The reefs were featured in an episode of the BBC TV series Coast, with me appearing as one of the local “experts”. You can witness my 15 seconds of TV fame here [JAC: David makes his first appearance at 1:32.]

 

20 Comments

  1. merilee
    Posted July 30, 2020 at 2:31 pm | Permalink

    Fascinating? You don’t have nearly the Scottish accent of the narrator.

    • David Hughes
      Posted July 31, 2020 at 7:57 am | Permalink

      I’m originally from Liverpool, so UK-based listeners may discern my residual “scouse” (i.e. Liverpudlian) flat vowels. I’ve lived in Scotland for over 30 years, but English incomers like me never pick up the accent, just as Scots who move south of the border never lose theirs.

  2. rickflick
    Posted July 30, 2020 at 2:37 pm | Permalink

    Tube worm city! Seems to play the ecological role of the many coral found in tropical seas. Marvelous career. Congratulations.

  3. jezgrove
    Posted July 30, 2020 at 2:52 pm | Permalink

    This feature never ceases to fascinate me – thanks for sharing your photos and story, David!

  4. Mark R.
    Posted July 30, 2020 at 3:07 pm | Permalink

    Another WEIT gravel inspector! Fascinating creatures and occupation.
    “Just north of Oban”. Never been to Oban, but I love their Scotch.
    Thanks for your contribution.

    • merilee
      Posted July 30, 2020 at 3:37 pm | Permalink

      Haven’t “seen” gravelinspectoraiden in ages!

      • rickflick
        Posted July 30, 2020 at 4:03 pm | Permalink

        He must have gone down in a cave to do inspection and not yet finished. Must be a mountain of gravel.

        • merilee
          Posted July 30, 2020 at 4:28 pm | Permalink

          🤓

      • Mark R.
        Posted July 30, 2020 at 4:21 pm | Permalink

        He commented a week ago or so…I forget what the post was about. But yeah, he hasn’t been around much. And I wonder where Michael Fisher is?

        • Mark R.
          Posted July 30, 2020 at 4:23 pm | Permalink

          Or was it Fischer?

        • rickflick
          Posted July 30, 2020 at 4:39 pm | Permalink

          He’s probably writing a 3 volume autobiography with every paragraph properly researched and footnoted. 😀

          • Mark R.
            Posted July 30, 2020 at 4:46 pm | Permalink

            🤣

        • Peter (Oz) Jones
          Posted July 30, 2020 at 7:24 pm | Permalink

          I too miss the forensic skills of Michael.
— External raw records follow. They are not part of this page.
text \<open>Under DCC on right ideals above an ideal A, an increasing chain of idempotents
  becomes constant modulo A: the right ideals {x. e n x \<in> A} decrease.\<close>

lemma increasing_idempotents_stabilize:
  fixes e :: "nat \<Rightarrow> 'a"
  assumes A: "ideal A R" and dcc: "dcc_above R A"
    and e: "\<And>n. e n \<in> carrier R" "\<And>n. e n \<otimes> e n = e n"
    and le: "\<And>m n. m \<le> n \<Longrightarrow> e n \<otimes> e m = e m \<and> e m \<otimes> e n = e m"
  obtains N where "\<And>m. m \<ge> N \<Longrightarrow> e m \<ominus> e N \<in> A"
proof -
  define K where "K n = {x \<in> carrier R. e n \<otimes> x \<in> A}" for n
  have K: "right_ideal (K n) R \<and> A \<subseteq> K n" for n
  proof
    show "right_ideal (K n) R"
    proof (rule right_idealI)
      show "\<zero> \<in> K n" unfolding K_def using e additive_subgroup.zero_closed[OF ideal.axioms(1)[OF A]]
        by simp
    next
      fix x y assume "x \<in> K n" "y \<in> K n"
      then show "x \<oplus> y \<in> K n" unfolding K_def
        using e additive_subgroup.a_closed[OF ideal.axioms(1)[OF A]] by (simp add: r_distr)
    next
      fix x assume "x \<in> K n"
      then show "\<ominus> x \<in> K n" unfolding K_def
        using e additive_subgroup.a_inv_closed[OF ideal.axioms(1)[OF A]] by (simp add: r_minus)
    next
      fix x r assume "x \<in> K n" "r \<in> carrier R"
      then show "x \<otimes> r \<in> K n" unfolding K_def
        using e ideal.I_r_closed[OF A] by (simp add: m_assoc[symmetric])
    qed (auto simp: K_def)
    show "A \<subseteq> K n" unfolding K_def using e ideal.I_l_closed[OF A] ideal.Icarr[OF A] by blast
  qed
  have "K (Suc n) \<subseteq> K n" for n
  proof
    fix x assume "x \<in> K (Suc n)"
    then have x: "x \<in> carrier R" "e (Suc n) \<otimes> x \<in> A" unfolding K_def by auto
    have "e n \<otimes> x = e n \<otimes> (e (Suc n) \<otimes> x)"
      using le[of n "Suc n"] e x by (simp add: m_assoc[symmetric])
    also have "\<dots> \<in> A" using ideal.I_l_closed[OF A x(2) e(1)] .
    finally show "x \<in> K n" unfolding K_def using x by simp
  qed
  then obtain N where N: "\<forall>m\<ge>N. K m = K N" using dcc K unfolding dcc_above_def by blast
  have "e m \<ominus> e N \<in> A" if "m \<ge> N" for m
  proof -
    have "e N \<otimes> (\<one> \<ominus> e N) = \<zero>" using e by (simp add: ring_simprules)
    then have "\<one> \<ominus> e N \<in> K N"
      unfolding K_def using e additive_subgroup.zero_closed[OF ideal.axioms(1)[OF A]] by simp
    moreover have "K m = K N" using N that by blast
    ultimately have "\<one> \<ominus> e N \<in> K m" by simp
    then have "e m \<otimes> (\<one> \<ominus> e N) \<in> A" unfolding K_def by simp
    moreover have "e m \<otimes> (\<one> \<ominus> e N) = e m \<ominus> e N" using le[OF that] e by (simp add: ring_simprules)
    ultimately show ?thesis by simp
  qed
  then show thesis using that by blast
qed

lemma dcc_imp_aleph0_injective:
  assumes reg: "von_neumann_regular R" and N: "right_module R N"
    and dcc: "dcc_above R (Ann R N)"
  shows "aleph0_injective R N"
  unfolding aleph0_injective_def
proof (intro allI impI, elim conjE)
  fix I f assume cg: "countably_generated_right_ideal I R" and f: "rhom_on R I N f"
  have I: "right_ideal I R" using cg unfolding countably_generated_right_ideal_def by blast
  obtain e :: "nat \<Rightarrow> 'a" where eI: "\<And>n. e n \<in> I" and idem: "\<And>n. e n \<otimes> e n = e n"
    and le: "\<And>m n. m \<le> n \<Longrightarrow> e n \<otimes> e m = e m \<and> e m \<otimes> e n = e m"
    and fixed: "\<And>x. x \<in> I \<Longrightarrow> \<exists>m. \<forall>n\<ge>m. e n \<otimes> x = x"
    using countably_generated_idempotent_chain[OF reg cg] by blast
  have ec: "e n \<in> carrier R" for n using eI right_ideal_subset[OF I] by blast
  obtain K where K: "\<And>m. m \<ge> K \<Longrightarrow> e m \<ominus> e K \<in> Ann R N"
    using increasing_idempotents_stabilize[of "Ann R N" e, OF Ann_ideal[OF N] dcc ec idem le] by blast
  have "x \<ominus> e K \<otimes> x \<in> Ann R N" if x: "x \<in> I" for x
  proof -
    obtain m where "\<forall>n\<ge>m. e n \<otimes> x = x" using fixed[OF x] by blast
    then have m: "e (max m K) \<otimes> x = x" by simp
    have xc: "x \<in> carrier R" using x right_ideal_subset[OF I] by blast
    have "(e (max m K) \<ominus> e K) \<otimes> x = e (max m K) \<otimes> x \<ominus> e K \<otimes> x"
      using ec xc by (simp add: a_minus_def l_distr l_minus)
    then have "x \<ominus> e K \<otimes> x = (e (max m K) \<ominus> e K) \<otimes> x" using m by simp
    then show ?thesis using ideal.I_r_closed[OF Ann_ideal[OF N] K[of "max m K"] xc] by simp
  qed
  note extension = rhom_extension_by_left_factor[OF reg N I f eI[of K] this]
  show "\<exists>g. rhom_on R (carrier R) N g \<and> (\<forall>x\<in>I. g x = f x)"
    using extension by blast
qed

end

context ring begin

lemma finite_support_right_ideal:
  assumes M: "right_module R M" and u: "\<And>k. u k \<in> carrier M"
  shows "right_ideal {x \<in> carrier R. finite {k. rsmult M (u k) x \<noteq> \<zero>\<^bsub>M\<^esub>}} R"
    (is "right_ideal ?T R")
proof -
  interpret M: abelian_group M using right_module_abelian_group[OF M] .
  let ?supp = "\<lambda>x. {k. rsmult M (u k) x \<noteq> \<zero>\<^bsub>M\<^esub>}"
  show ?thesis
  proof (rule right_idealI)
    show "\<zero> \<in> ?T" using rsmult_zero_scalar[OF M u] by simp
  next
    fix x y assume x: "x \<in> ?T" and y: "y \<in> ?T"
    then have "?supp (x \<oplus> y) \<subseteq> ?supp x \<union> ?supp y"
      using rsmult_add_scalar[OF M u] by auto
    then show "x \<oplus> y \<in> ?T" using x y finite_subset by auto
  next
    fix x assume x: "x \<in> ?T"
    then have "?supp (\<ominus> x) \<subseteq> ?supp x"
      using rsmult_neg_scalar[OF M u] rsmult_closed[OF M u] by auto
    then show "\<ominus> x \<in> ?T" using x finite_subset by auto
  next
    fix x r assume x: "x \<in> ?T" and r: "r \<in> carrier R"
    then have "?supp (x \<otimes> r) \<subseteq> ?supp x"
      using rsmult_assoc[OF M u, symmetric] rsmult_zero_vector[OF M r] by auto
    then show "x \<otimes> r \<in> ?T" using x r finite_subset by auto
  qed auto
qed

lemma coordinate_rhom:
  fixes \<iota> :: "nat \<Rightarrow> 'i"
  assumes M: "right_module R M" and \<iota>: "inj \<iota>" and u: "\<And>k. u k \<in> carrier M"
    and I: "right_ideal I R" and fin: "\<And>x. x \<in> I \<Longrightarrow> finite {k. rsmult M (u k) x \<noteq> \<zero>\<^bsub>M\<^esub>}"
  shows "rhom_on R I (dsum M (range \<iota>)) (\<lambda>x. \<lambda>i\<in>range \<iota>. rsmult M (u (inv_into UNIV \<iota> i)) x)"
    (is "rhom_on R I ?D ?F")
  unfolding rhom_on_def
proof (intro conjI ballI)
  have xc: "x \<in> carrier R" if "x \<in> I" for x using that right_ideal_subset[OF I] by blast
  fix x assume x: "x \<in> I"
  have "{i \<in> range \<iota>. ?F x i \<noteq> \<zero>\<^bsub>M\<^esub>} \<subseteq> \<iota> ` {k. rsmult M (u k) x \<noteq> \<zero>\<^bsub>M\<^esub>}"
    using \<iota> by auto
  then have "finite {i \<in> range \<iota>. ?F x i \<noteq> \<zero>\<^bsub>M\<^esub>}" using fin[OF x] finite_subset by blast
  then show "?F x \<in> carrier ?D" using rsmult_closed[OF M u xc[OF x]] by (simp add: dsum_carrier)
  fix y assume y: "y \<in> I"
  show "?F (x \<oplus> y) = ?F x \<oplus>\<^bsub>?D\<^esub> ?F y"
    unfolding dsum_add by (rule restrict_ext) (simp add: rsmult_add_scalar[OF M u] xc x y)
next
  fix x r assume x: "x \<in> I" and r: "r \<in> carrier R"
  have xc: "x \<in> carrier R" using x right_ideal_subset[OF I] by blast
  show "?F (x \<otimes> r) = rsmult ?D (?F x) r"
    unfolding dsum_rsmult by (rule restrict_ext) (simp add: rsmult_assoc[OF M u] xc r)
qed

lemma rhom_on_carrier_eq:
  assumes "rhom_on R (carrier R) N G" "x \<in> carrier R"
  shows "G x = rsmult N (G \<one>) x"
proof -
  have "G (\<one> \<otimes> x) = rsmult N (G \<one>) x" using assms unfolding rhom_on_def by blast
  then show ?thesis using assms(2) by simp
qed

end

definition orthogonal_idempotents :: "('a, 'c) ring_scheme \<Rightarrow> (nat \<Rightarrow> 'a) \<Rightarrow> bool" where
  "orthogonal_idempotents R g \<longleftrightarrow> (\<forall>k. g k \<in> carrier R \<and> g k \<otimes>\<^bsub>R\<^esub> g k = g k)
     \<and> (\<forall>k j. k \<noteq> j \<longrightarrow> g k \<otimes>\<^bsub>R\<^esub> g j = \<zero>\<^bsub>R\<^esub>)"

context ring begin

text \<open>A sequence of orthogonal idempotents none of which annihilates M gives a countably
  generated right ideal together with a homomorphism into a countable direct sum of copies
  of M that does not extend to R, since a homomorphism on R has finitely supported value at 1.\<close>

lemma orthogonal_idempotents_obstruct:
  fixes g :: "nat \<Rightarrow> 'a" and \<iota> :: "nat \<Rightarrow> 'i"
  assumes M: "right_module R M" and \<iota>: "inj \<iota>"
    and og: "orthogonal_idempotents R g" and notAnn: "\<And>k. g k \<notin> Ann R M"
  shows "\<not> aleph0_injective R (dsum M (range \<iota>))"
proof
  assume inj: "aleph0_injective R (dsum M (range \<iota>))"
  have g: "\<And>k. g k \<in> carrier R" "\<And>k. g k \<otimes> g k = g k"
    and orth: "\<And>k j. k \<noteq> j \<Longrightarrow> g k \<otimes> g j = \<zero>"
    using og unfolding orthogonal_idempotents_def by auto
  interpret M: abelian_group M using right_module_abelian_group[OF M] .
  have "\<exists>m\<in>carrier M. rsmult M m (g k) \<noteq> \<zero>\<^bsub>M\<^esub>" for k
  proof (rule ccontr)
    assume "\<not> (\<exists>m\<in>carrier M. rsmult M m (g k) \<noteq> \<zero>\<^bsub>M\<^esub>)"
    then have "g k \<in> Ann R M" using g(1) by (auto intro!: AnnI)
    then show False using notAnn by blast
  qed
  then obtain m where m: "\<And>k. m k \<in> carrier M" "\<And>k. rsmult M (m k) (g k) \<noteq> \<zero>\<^bsub>M\<^esub>"
    by metis
  define u where "u k = rsmult M (m k) (g k)" for k
  have u: "u k \<in> carrier M" for k unfolding u_def using rsmult_closed[OF M m(1) g(1)] .
  have u_self: "rsmult M (u k) (g k) = u k" for k
    unfolding u_def using rsmult_assoc[OF M m(1) g(1) g(1)] g(2) by simp
  have u_other: "rsmult M (u k) (g j) = \<zero>\<^bsub>M\<^esub>" if "j \<noteq> k" for j k
    unfolding u_def using rsmult_assoc[OF M m(1) g(1) g(1)] orth that rsmult_zero_scalar[OF M m(1)]
    by simp
  define T where "T = {x \<in> carrier R. finite {k. rsmult M (u k) x \<noteq> \<zero>\<^bsub>M\<^esub>}}"
  have T: "right_ideal T R" unfolding T_def by (rule finite_support_right_ideal[OF M u])
  have "g j \<in> T" for j
  proof -
    have "{k. rsmult M (u k) (g j) \<noteq> \<zero>\<^bsub>M\<^esub>} \<subseteq> {j}" using u_other[of j] by force
    then show ?thesis unfolding T_def using g(1) finite_subset by auto
  qed
  then have "range g \<subseteq> T" by blast
  define I where "I = right_ideal_gen R (range g)"
  have rg: "range g \<subseteq> carrier R" using g(1) by blast
  have I: "right_ideal I R" unfolding I_def by (rule right_ideal_gen_right_ideal[OF rg])
  have "I \<subseteq> T" unfolding I_def by (rule right_ideal_gen_min[OF T \<open>range g \<subseteq> T\<close>])
  have "countable (range g)" by simp
  then have cg: "countably_generated_right_ideal I R"
    unfolding countably_generated_right_ideal_def using I rg I_def by blast
  define F where "F x = (\<lambda>i\<in>range \<iota>. rsmult M (u (inv_into UNIV \<iota> i)) x)" for x
  have F: "rhom_on R I (dsum M (range \<iota>)) F"
    unfolding F_def using \<open>I \<subseteq> T\<close> by (intro coordinate_rhom[OF M \<iota> u I]) (auto simp: T_def)
  obtain G where G: "rhom_on R (carrier R) (dsum M (range \<iota>)) G" and GF: "\<forall>x\<in>I. G x = F x"
    using inj cg F unfolding aleph0_injective_def by blast
  define y where "y = G \<one>"
  have "y \<in> carrier (dsum M (range \<iota>))" unfolding y_def using G unfolding rhom_on_def by simp
  then have "finite {i \<in> range \<iota>. y i \<noteq> \<zero>\<^bsub>M\<^esub>}" by (simp add: dsum_carrier)
  then have "finite (\<iota> -` {i \<in> range \<iota>. y i \<noteq> \<zero>\<^bsub>M\<^esub>})" using \<iota> by (rule finite_vimageI)
  then obtain k where "k \<notin> \<iota> -` {i \<in> range \<iota>. y i \<noteq> \<zero>\<^bsub>M\<^esub>}"
    using ex_new_if_finite[OF infinite_UNIV_nat] by blast
  then have k: "y (\<iota> k) = \<zero>\<^bsub>M\<^esub>" by simp
  have "G (g k) (\<iota> k) = rsmult M (y (\<iota> k)) (g k)"
    using rhom_on_carrier_eq[OF G g(1)] unfolding y_def by (simp add: dsum_rsmult)
  also have "\<dots> = \<zero>\<^bsub>M\<^esub>" using k rsmult_zero_vector[OF M g(1)] by simp
  finally have zero: "G (g k) (\<iota> k) = \<zero>\<^bsub>M\<^esub>" .
  have "g k \<in> I" unfolding I_def using right_ideal_gen_incl[of "range g"] by blast
  then have "G (g k) (\<iota> k) = F (g k) (\<iota> k)" using GF by simp
  also have "\<dots> = u k" unfolding F_def using u_self \<iota> by (simp add: inv_into_f_f)
  finally have "G (g k) (\<iota> k) = u k" .
  then show False using zero m(2)[of k] unfolding u_def by simp
qed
          One of the features of this site is the range of knowledge of the commenters.

          And it is a place that I feel comfortable posting a comment. Well done Prof for maintaining such civil discourse.

  5. GBJames
    Posted July 30, 2020 at 3:18 pm | Permalink

    Oban. Yet another reason for me to grieve the covid-induced loss of my trip to Scotland this year.

    • Posted July 31, 2020 at 8:32 am | Permalink

      I have spent many years of my life, off and on, living in that lovely town. First as a prawn creeler, then as a proprietor of the local tackle shop. later, I went back to sell life assurance, and finally (so far) went back to run a guest house.

      Now retired and living in the East Neuk of Fife, but I still miss Oban.

      • GBJames
        Posted July 31, 2020 at 9:55 am | Permalink

        I was so looking forward to some of those fresh prawns. F*king covid.

  6. Posted July 30, 2020 at 3:57 pm | Permalink

    Very cool. Love those worm cities.

  7. C.
    Posted July 30, 2020 at 4:54 pm | Permalink

    I’m amazed at all the talented readers too. All I do is putter around my damn yard looking at flowers and turtles. I even bore myself sometimes but the rest of you are amazing.

  8. Heather Hastie
    Posted July 30, 2020 at 8:51 pm | Permalink

    That was wonderful! We had to choose whether we pursued hard science or the social sciences at the age of 15. I’d had really bad science teachers and a love of history, so that’s the direction I went. I’ve known for decades now though that if I’d gone down the science route, I would have ended up in marine biology.

  9. Paul S
    Posted July 31, 2020 at 7:42 am | Permalink

    Marine research, a dream career. Covid has postponed my dive adventures for the near future. You can never have too much time in the water.